(Stored data entries)
--

(* Let $\mathcal{X}\subseteq\mathbb{R}^d$ be nonempty, closed and convex, and let $f:\mathbb{R}^d\to\mathbb{R}$ be differentiable (not necessarily convex) and $L$-smooth on an open set containing $\mathcal{X}$; assume the constrained minimum $f_\star=\min_{x\in\mathcal{X}}f(x)$ is attained. For $\gamma>0$ define $G_\gamma(x):=\frac1\gamma\big(x-\Pi_{\mathcal{X}}(x-\gamma\nabla f(x))\big)$, where $\Pi_{\mathcal{X}}$ is the Euclidean projection onto $\mathcal{X}$. Suppose there are $\mu>0$ and $\gamma\in(0,1/L]$ such that $\frac12\|G_\gamma(x)\|^2\ge\mu(f(x)-f_\star)$ for all $x\in\mathcal{X}$. Let $x_0\in\mathcal{X}$ and $x_{k+1}\in\operatorname{arg\,min}_{z\in\mathcal{X}\cap\mathcal{B}(x_k,t_k)}\langle\nabla f(x_k),z\rangle$ with $t_k:=\gamma\|G_\gamma(x_k)\|$. Then for every $k\ge0$, $f(x_{k+1})\le f(x_k)-\frac\gamma2\|G_\gamma(x_k)\|^2$, and consequently $f(x_k)-f_\star\le(1-\gamma\mu)^k(f(x_0)-f_\star)$ for all $k\ge0$. In particular, for $\gamma=1/L$, $f(x_k)-f_\star\le(1-\mu/L)^k(f(x_0)-f_\star)$.
   Context: $\|\cdot\|$ is the Euclidean norm, $\mathcal{B}(x,t):=\{y:\|y-x\|\le t\}$; $L$-smooth means $\nabla f$ is $L$-Lipschitz. *)

theory Defs
  imports "HOL-Analysis.Analysis"
begin

definition grad_map :: "'a::euclidean_space set \<Rightarrow> ('a \<Rightarrow> 'a) \<Rightarrow> real \<Rightarrow> 'a \<Rightarrow> 'a" where
  "grad_map X g \<gamma> x = (1 / \<gamma>) *\<^sub>R (x - closest_point X (x - \<gamma> *\<^sub>R g x))"

end

theory Submission
  imports Defs
begin

text \<open>With \<open>G = grad_map X g \<gamma> x\<close>, the projected-gradient point \<open>x - \<gamma> G\<close> is feasible for the
  linear minimisation over \<open>X \<inter> cball x (\<gamma> \<parallel>G\<parallel>)\<close>, so the step decreases the linear model by at
  least \<open>\<gamma> \<langle>g x, G\<rangle> \<ge> \<gamma> \<parallel>G\<parallel>\<^sup>2\<close> (obtuse-angle property of the projection). The step has length
  at most \<open>\<gamma> \<parallel>G\<parallel>\<close>, so with \<open>\<gamma> L \<le> 1\<close> the quadratic term of the descent lemma costs at most
  half of that. The PL inequality for the gradient mapping turns the resulting decrease
  \<open>(\<gamma>/2) \<parallel>G\<parallel>\<^sup>2\<close> into the contraction factor \<open>1 - \<gamma> \<mu>\<close>.\<close>

lemma lipschitz_gradient_descent_lemma:
  fixes f :: "'a::euclidean_space \<Rightarrow> real" and g :: "'a \<Rightarrow> 'a"
  assumes grad: "\<And>y. y \<in> S \<Longrightarrow> (f has_derivative (\<lambda>h. g y \<bullet> h)) (at y)"
    and smooth: "\<And>y z. y \<in> S \<Longrightarrow> z \<in> S \<Longrightarrow> norm (g y - g z) \<le> L * norm (y - z)"
    and S: "convex S" and x: "x \<in> S" and y: "y \<in> S"
  shows "f y \<le> f x + g x \<bullet> (y - x) + L / 2 * (norm (y - x))\<^sup>2"
proof -
  define d where "d = y - x"
  define \<phi> where "\<phi> t = f (x + t *\<^sub>R d) - t * (g x \<bullet> d) - L / 2 * t\<^sup>2 * (norm d)\<^sup>2" for t
  have "\<phi> 1 \<le> \<phi> 0"
  proof (rule DERIV_nonpos_imp_nonincreasing[of 0 1 \<phi>])
    fix t :: real assume t: "0 \<le> t" "t \<le> 1"
    have xt: "x + t *\<^sub>R d \<in> S"
      using convexD_alt[OF S x y, of t] t unfolding d_def by (simp add: algebra_simps)
    have "((\<lambda>t. x + t *\<^sub>R d) has_derivative (\<lambda>h. h *\<^sub>R d)) (at t)"
      by (auto intro!: derivative_eq_intros)
    from has_derivative_compose[OF this grad[OF xt]]
    have "((\<lambda>t. f (x + t *\<^sub>R d)) has_derivative (\<lambda>h. g (x + t *\<^sub>R d) \<bullet> (h *\<^sub>R d))) (at t)"
      by (simp add: o_def)
    then have "((\<lambda>t. f (x + t *\<^sub>R d)) has_real_derivative g (x + t *\<^sub>R d) \<bullet> d) (at t)"
      by (rule has_derivative_imp_has_field_derivative) simp
    then have "DERIV \<phi> t :> (g (x + t *\<^sub>R d) - g x) \<bullet> d - L * t * (norm d)\<^sup>2"
      unfolding \<phi>_def by (auto intro!: derivative_eq_intros simp: inner_diff_left)
    moreover have "(g (x + t *\<^sub>R d) - g x) \<bullet> d \<le> L * t * (norm d)\<^sup>2"
    proof -
      have "(g (x + t *\<^sub>R d) - g x) \<bullet> d \<le> norm (g (x + t *\<^sub>R d) - g x) * norm d"
        by (rule norm_cauchy_schwarz)
      also have "\<dots> \<le> L * norm (t *\<^sub>R d) * norm d"
        using smooth[OF xt x] by (auto intro!: mult_right_mono)
      also have "\<dots> = L * t * (norm d)\<^sup>2"
        using t by (simp add: power2_eq_square)
      finally show ?thesis .
    qed
    ultimately show "\<exists>D. DERIV \<phi> t :> D \<and> D \<le> 0"
      by force
  qed simp
  then show ?thesis
    unfolding \<phi>_def d_def by simp
qed

lemma closest_point_grad_map:
  assumes "\<gamma> \<noteq> 0"
  shows "closest_point X (x - \<gamma> *\<^sub>R g x) = x - \<gamma> *\<^sub>R grad_map X g \<gamma> x"
  using assms by (simp add: grad_map_def)

lemma grad_map_norm_sq_le_inner:
  assumes "convex X" "closed X" "x \<in> X" "\<gamma> > 0"
  shows "(norm (grad_map X g \<gamma> x))\<^sup>2 \<le> g x \<bullet> grad_map X g \<gamma> x"
proof -
  define G where "G = grad_map X g \<gamma> x"
  have "(x - \<gamma> *\<^sub>R g x - (x - \<gamma> *\<^sub>R G)) \<bullet> (x - (x - \<gamma> *\<^sub>R G)) \<le> 0"
    using closest_point_dot[OF assms(1-3), of "x - \<gamma> *\<^sub>R g x"] assms(4)
    by (simp add: closest_point_grad_map G_def)
  then have "\<gamma>\<^sup>2 * (G \<bullet> G - g x \<bullet> G) \<le> 0"
    by (simp add: inner_diff_left power2_eq_square algebra_simps)
  then show ?thesis
    using assms(4) by (simp add: G_def mult_le_0_iff power2_norm_eq_inner)
qed

lemma ball_linear_minimiser_decrease:
  fixes f :: "'a::euclidean_space \<Rightarrow> real" and g :: "'a \<Rightarrow> 'a"
  assumes X: "convex X" "closed X" and x: "x \<in> X"
    and grad: "\<And>y. y \<in> X \<Longrightarrow> (f has_derivative (\<lambda>h. g y \<bullet> h)) (at y)"
    and smooth: "\<And>y z. y \<in> X \<Longrightarrow> z \<in> X \<Longrightarrow> norm (g y - g z) \<le> L * norm (y - z)"
    and L: "L \<ge> 0" and \<gamma>: "\<gamma> > 0" "\<gamma> * L \<le> 1"
    and feas: "x' \<in> X \<inter> cball x (\<gamma> * norm (grad_map X g \<gamma> x))"
    and min: "\<And>z. z \<in> X \<inter> cball x (\<gamma> * norm (grad_map X g \<gamma> x)) \<Longrightarrow> g x \<bullet> x' \<le> g x \<bullet> z"
  shows "f x' \<le> f x - (\<gamma> / 2) * (norm (grad_map X g \<gamma> x))\<^sup>2"
proof -
  define G where "G = grad_map X g \<gamma> x"
  have "x - \<gamma> *\<^sub>R G \<in> X"
    using closest_point_in_set[OF X(2), of "x - \<gamma> *\<^sub>R g x"] x \<gamma>(1)
    by (auto simp: closest_point_grad_map G_def)
  then have "g x \<bullet> x' \<le> g x \<bullet> (x - \<gamma> *\<^sub>R G)"
    using \<gamma>(1) by (intro min) (simp add: G_def dist_norm)
  then have linear: "g x \<bullet> (x' - x) \<le> - \<gamma> * (norm G)\<^sup>2"
    using mult_left_mono[OF grad_map_norm_sq_le_inner[OF X x \<gamma>(1)] less_imp_le[OF \<gamma>(1)], of g]
    by (simp add: G_def inner_diff_right)
  have "(norm (x' - x))\<^sup>2 \<le> (\<gamma> * norm G)\<^sup>2"
    using feas by (simp add: G_def dist_norm norm_minus_commute power_mono)
  then have "L / 2 * (norm (x' - x))\<^sup>2 \<le> (\<gamma> * L) * (\<gamma> / 2 * (norm G)\<^sup>2)"
    using L by (simp add: mult_left_mono power_mult_distrib power2_eq_square algebra_simps)
  also have "\<dots> \<le> \<gamma> / 2 * (norm G)\<^sup>2"
    using \<gamma> L by (intro mult_left_le_one_le) auto
  finally have quadratic: "L / 2 * (norm (x' - x))\<^sup>2 \<le> \<gamma> / 2 * (norm G)\<^sup>2" .
  have "f x' \<le> f x + g x \<bullet> (x' - x) + L / 2 * (norm (x' - x))\<^sup>2"
    using feas by (intro lipschitz_gradient_descent_lemma[OF grad smooth X(1) x]) auto
  with linear quadratic show ?thesis
    unfolding G_def by linarith
qed

lemma linear_rate_from_contraction:
  fixes a :: "nat \<Rightarrow> real"
  assumes nonneg: "\<And>k. a k \<ge> 0" and contr: "\<And>k. a (Suc k) \<le> c * a k"
  shows "a k \<le> c ^ k * a 0"
proof (cases "c \<ge> 0")
  case True
  show ?thesis
  proof (induction k)
    case (Suc k)
    have "a (Suc k) \<le> c * a k" by (rule contr)
    also have "\<dots> \<le> c * (c ^ k * a 0)" using Suc True by (rule mult_left_mono)
    finally show ?case by simp
  qed simp
next
  case False
  have "c * a k \<le> 0" for k
    using False nonneg[of k] by (simp add: mult_nonpos_nonneg)
  then have "a (Suc k) = 0" for k
    using contr[of k] nonneg[of "Suc k"] by (meson antisym order_trans)
  moreover have "0 \<le> c * a 0"
    using contr[of 0] nonneg[of 1] by simp
  then have "a 0 = 0"
    using False nonneg[of 0] by (simp add: zero_le_mult_iff)
  ultimately show ?thesis
    by (cases k) simp_all
qed

theorem theorem8:
  fixes X U :: "'a::euclidean_space set"
    and f :: "'a \<Rightarrow> real" and g :: "'a \<Rightarrow> 'a"
    and L \<mu> \<gamma> :: real and xstar :: 'a and x :: "nat \<Rightarrow> 'a"
  assumes X_ne: "X \<noteq> {}" and X_closed: "closed X" and X_convex: "convex X"
    and grad: "\<And>y. (f has_derivative (\<lambda>h. g y \<bullet> h)) (at y)"
    and U_open: "open U" and XU: "X \<subseteq> U"
    and L_pos: "L > 0"
    and smooth: "\<And>y z. y \<in> U \<Longrightarrow> z \<in> U \<Longrightarrow> norm (g y - g z) \<le> L * norm (y - z)"
    and xstar_in: "xstar \<in> X" and xstar_min: "\<And>y. y \<in> X \<Longrightarrow> f xstar \<le> f y"
    and mu_pos: "\<mu> > 0"
    and gamma_pos: "\<gamma> > 0" and gamma_le: "\<gamma> \<le> 1 / L"
    and PL: "\<And>y. y \<in> X \<Longrightarrow> (1/2) * (norm (grad_map X g \<gamma> y))\<^sup>2 \<ge> \<mu> * (f y - f xstar)"
    and x0: "x 0 \<in> X"
    and step_feas: "\<And>k. x (Suc k) \<in> X \<inter> cball (x k) (\<gamma> * norm (grad_map X g \<gamma> (x k)))"
    and step_min: "\<And>k z. z \<in> X \<inter> cball (x k) (\<gamma> * norm (grad_map X g \<gamma> (x k))) \<Longrightarrow>
                      g (x k) \<bullet> x (Suc k) \<le> g (x k) \<bullet> z"
  shows "(\<forall>k. f (x (Suc k)) \<le> f (x k) - (\<gamma> / 2) * (norm (grad_map X g \<gamma> (x k)))\<^sup>2)
       \<and> (\<forall>k. f (x k) - f xstar \<le> (1 - \<gamma> * \<mu>) ^ k * (f (x 0) - f xstar))
       \<and> (\<gamma> = 1 / L \<longrightarrow> (\<forall>k. f (x k) - f xstar \<le> (1 - \<mu> / L) ^ k * (f (x 0) - f xstar)))"
proof -
  have x_in: "x k \<in> X" for k
    using x0 step_feas by (cases k) auto
  have "\<gamma> * L \<le> 1"
    using gamma_le L_pos by (simp add: field_simps)
  moreover have "y \<in> X \<Longrightarrow> z \<in> X \<Longrightarrow> norm (g y - g z) \<le> L * norm (y - z)" for y z
    using XU by (intro smooth) auto
  ultimately have decrease:
    "f (x (Suc k)) \<le> f (x k) - (\<gamma> / 2) * (norm (grad_map X g \<gamma> (x k)))\<^sup>2" for k
    using ball_linear_minimiser_decrease[OF X_convex X_closed x_in grad, of L \<gamma>]
      L_pos gamma_pos step_feas step_min by simp
  have "f (x (Suc k)) - f xstar \<le> (1 - \<gamma> * \<mu>) * (f (x k) - f xstar)" for k
    using decrease[of k] mult_left_mono[OF PL[OF x_in[of k]], of \<gamma>] gamma_pos
    by (simp add: algebra_simps)
  then have rate: "f (x k) - f xstar \<le> (1 - \<gamma> * \<mu>) ^ k * (f (x 0) - f xstar)" for k
    using xstar_min x_in by (intro linear_rate_from_contraction) auto
  show ?thesis
    using decrease rate by (auto simp: mult.commute[of _ \<mu>])
qed

end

--

DIRECTIONS: Restate word for word the entries above, starting at the line with "by (simp add: closest_point_grad_map" and ending at the line with "X \<Longrightarrow> (f", inclusive, and no others.

ANSWER BELOW:
    by (simp add: closest_point_grad_map G_def)
  then have "\<gamma>\<^sup>2 * (G \<bullet> G - g x \<bullet> G) \<le> 0"
    by (simp add: inner_diff_left power2_eq_square algebra_simps)
  then show ?thesis
    using assms(4) by (simp add: G_def mult_le_0_iff power2_norm_eq_inner)
qed

lemma ball_linear_minimiser_decrease:
  fixes f :: "'a::euclidean_space \<Rightarrow> real" and g :: "'a \<Rightarrow> 'a"
  assumes X: "convex X" "closed X" and x: "x \<in> X"
    and grad: "\<And>y. y \<in> X \<Longrightarrow> (f has_derivative (\<lambda>h. g y \<bullet> h)) (at y)"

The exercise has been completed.